|
В этот вечер Ван Дик был в итальянской опере и, не успел он усесться на своем
обычном месте в партере, как увидел во втором ряду полковника Сент-Ора,
прибывшего с женой в Нью-Йорк. Голова полковника испугала отставного поручика
более, чем голова медузы Горгоны, и он поспешил скрыться. Его всюду
преследовала краткая надпись, сделанная полковником на прошении Ван Дика об
отставке. Эта надпись гласила: «Настоятельно прошу министра: армия много
выиграет от немедленного увольнения этого офицера. Сент-Ор». Достаточно было
увидеть полковника, чтобы приведенные выше слова так явственно привиделись Ван
Дику, словно были начертаны на театральном занавесе.
Покидая оперу, он говорил про себя:
«Делать нечего, в ближайшем кафе можно сыграть партию на бильярде».
Он стал искать партнера, как вдруг слух его был поражен звуками знакомого
голоса, говорившего:
– Дорогой Мэггер, вы должны дать мне по крайней мере двадцать пять очков вперед.
Вы знаете, что у нас в крепости нет бильярда, и у меня не было возможности
набить себе руку.
Толстяк, произносивший эти слова, был не кто иной как капитан Штрикер. Он знал
историю Корнелиуса, – значит, надо было поспешить и отсюда. К тому же
специальный корреспондент пристально и не особенно любезно смотрел ему в глаза.
Корнелиус знал Марка Мэггера в лицо; он читал его знаменитую заметку в три
столбца под заманчивым заголовком: «Медведь-на-задних-лапах. Военный совет в
лагере сиуксов. Подробный отчет специального корреспондента „Геральда“. Он
читал также повествование о подвигах Армстронга и своих двусмысленных
похождениях, и, конечно, не имел ни малейшего желания вспоминать теперь свои
неприятности.
Итак, он собрался еще раз улизнуть, как вдруг почувствовал, что кто-то положил
ему на плечо руку и тихо и серьезно сказал:
– Наконец-то я встретил вас, господин Ван Дик…
Бывший поручик быстро повернулся и очутился перед высоким молодым человеком,
которого он, казалось, где-то видел, но узнать обладателя этих черных глаз и
бледного лица с иронической улыбкой на тонких губах он не мог.
Незнакомец был щегольски одет, без той пестроты, которая всегда выдает человека
смешанной крови, каковым он несомненно был: ни массивной цепочки на жилете, ни
брильянта на галстуке, ни колец на пальцах, – прекрасно сшитый сюртук,
безукоризненные перчатки, – так что Корнелиус, несмотря на все желание, не имел
бы, к чему придраться.
Было, между тем, что-то такое в лице незнакомца, что сильно не понравилось Ван
Дику и исключало желание с его стороны побеседовать с ним, и он решился
прибегнуть к средству, не раз ему удававшемуся.

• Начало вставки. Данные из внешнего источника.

lemma continuous_on_localized_norm': "0 < \<epsilon> \<Longrightarrow> continuous_on strip (\<lambda>p. localized_norm' \<epsilon> p v)"
  unfolding localized_norm'_def
  by (intro continuous_intros continuous_on_cutoff continuous_on_cutoff' continuous_on_smooth_norm
      continuous_on_smooth_norm')

lemma localized_norm_transport_le:
  assumes s: "s \<in> {0..t} - E" and "0 < \<epsilon>"
  shows "localized_norm' \<epsilon> (s, x) (1, 0) + (\<Sum>i\<in>UNIV. flux' \<epsilon> s i x)
    \<le> \<alpha> s * ((real CARD('n) - 1) * localized_norm \<epsilon> (s, x) + \<epsilon>)"
proof -
  define p where "p = (s, x)"
  define N where "N = real CARD('n)"
  have "s \<in> {0..T} - E" "p \<in> strip"
    using s t_range by (auto simp: p_def)
  have lin: "linear (localized_norm' \<epsilon> p)"
    by (rule has_derivative_linear[OF localized_norm_has_derivative[OF \<open>0 < \<epsilon>\<close> \<open>p \<in> strip\<close>]])
  have "localized_norm' \<epsilon> p (1, 0) + (\<Sum>i\<in>UNIV. flux' \<epsilon> s i x)
      = localized_norm' \<epsilon> p (1, 0) + localized_norm' \<epsilon> p (0, a p) + localized_norm \<epsilon> p * (\<Sum>i\<in>UNIV. Da p (0, axis i 1) $ i)"
    using linear_zero_pair_eq_inner[OF lin, of "a p"]
    by (simp add: flux'_def p_def sum.distrib sum_distrib_left inner_sum_left inner_axis')
  also have "\<dots> = cutoff' p (1, a p) * smooth_norm \<epsilon> p
      + cutoff p * (smooth_norm' \<epsilon> p (1, a p) + smooth_norm \<epsilon> p * (\<Sum>i\<in>UNIV. Da p (0, axis i 1) $ i))"
    using linear_add[OF lin, of "(1, 0)" "(0, a p)"] by (simp add: localized_norm'_def localized_norm_def algebra_simps)
  also have "\<dots> \<le> 0 + cutoff p * (\<alpha> s * ((N - 1) * smooth_norm \<epsilon> p + \<epsilon>))"
  proof (rule add_mono)
    show "cutoff' p (1, a p) * smooth_norm \<epsilon> p \<le> 0"
      using cutoff'_transport_nonpos[of s x] s smooth_norm_pos[OF \<open>0 < \<epsilon>\<close>, of p]
      by (simp add: p_def mult_nonpos_nonneg)
    show "cutoff p * (smooth_norm' \<epsilon> p (1, a p) + smooth_norm \<epsilon> p * (\<Sum>i\<in>UNIV. Da p (0, axis i 1) $ i))
        \<le> cutoff p * (\<alpha> s * ((N - 1) * smooth_norm \<epsilon> p + \<epsilon>))"
      using smooth_norm_transport_le[OF \<open>s \<in> {0..T} - E\<close> \<open>0 < \<epsilon>\<close>] cutoff_bounds[of p]
      by (intro mult_left_mono) (auto simp: p_def N_def)
  qed
  also have "\<dots> = \<alpha> s * ((N - 1) * localized_norm \<epsilon> p + cutoff p * \<epsilon>)"
    by (simp add: localized_norm_def algebra_simps)
  also have "\<dots> \<le> \<alpha> s * ((N - 1) * localized_norm \<epsilon> p + \<epsilon>)"
    using cutoff_bounds[of p] alpha_nonneg[OF \<open>s \<in> {0..T} - E\<close>] \<open>0 < \<epsilon>\<close>
    by (intro mult_left_mono add_left_mono) (auto simp: mult_left_le_one_le)
  finally show ?thesis
    by (simp add: p_def N_def)
qed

– Я не имею чести вас знать, милостивый государь, – сказал он, поворачиваясь к
выходу.
Но в ту же минуту Ван Дик почувствовал, что его держат.
– Однако коротка же у вас память, господин Ван Дик! – сказал Мак Дайармид.
Наконец-то он встретил человека, которого ненавидел и искал уже три года.
– Я-то вас знаю! – прибавил он многозначительно.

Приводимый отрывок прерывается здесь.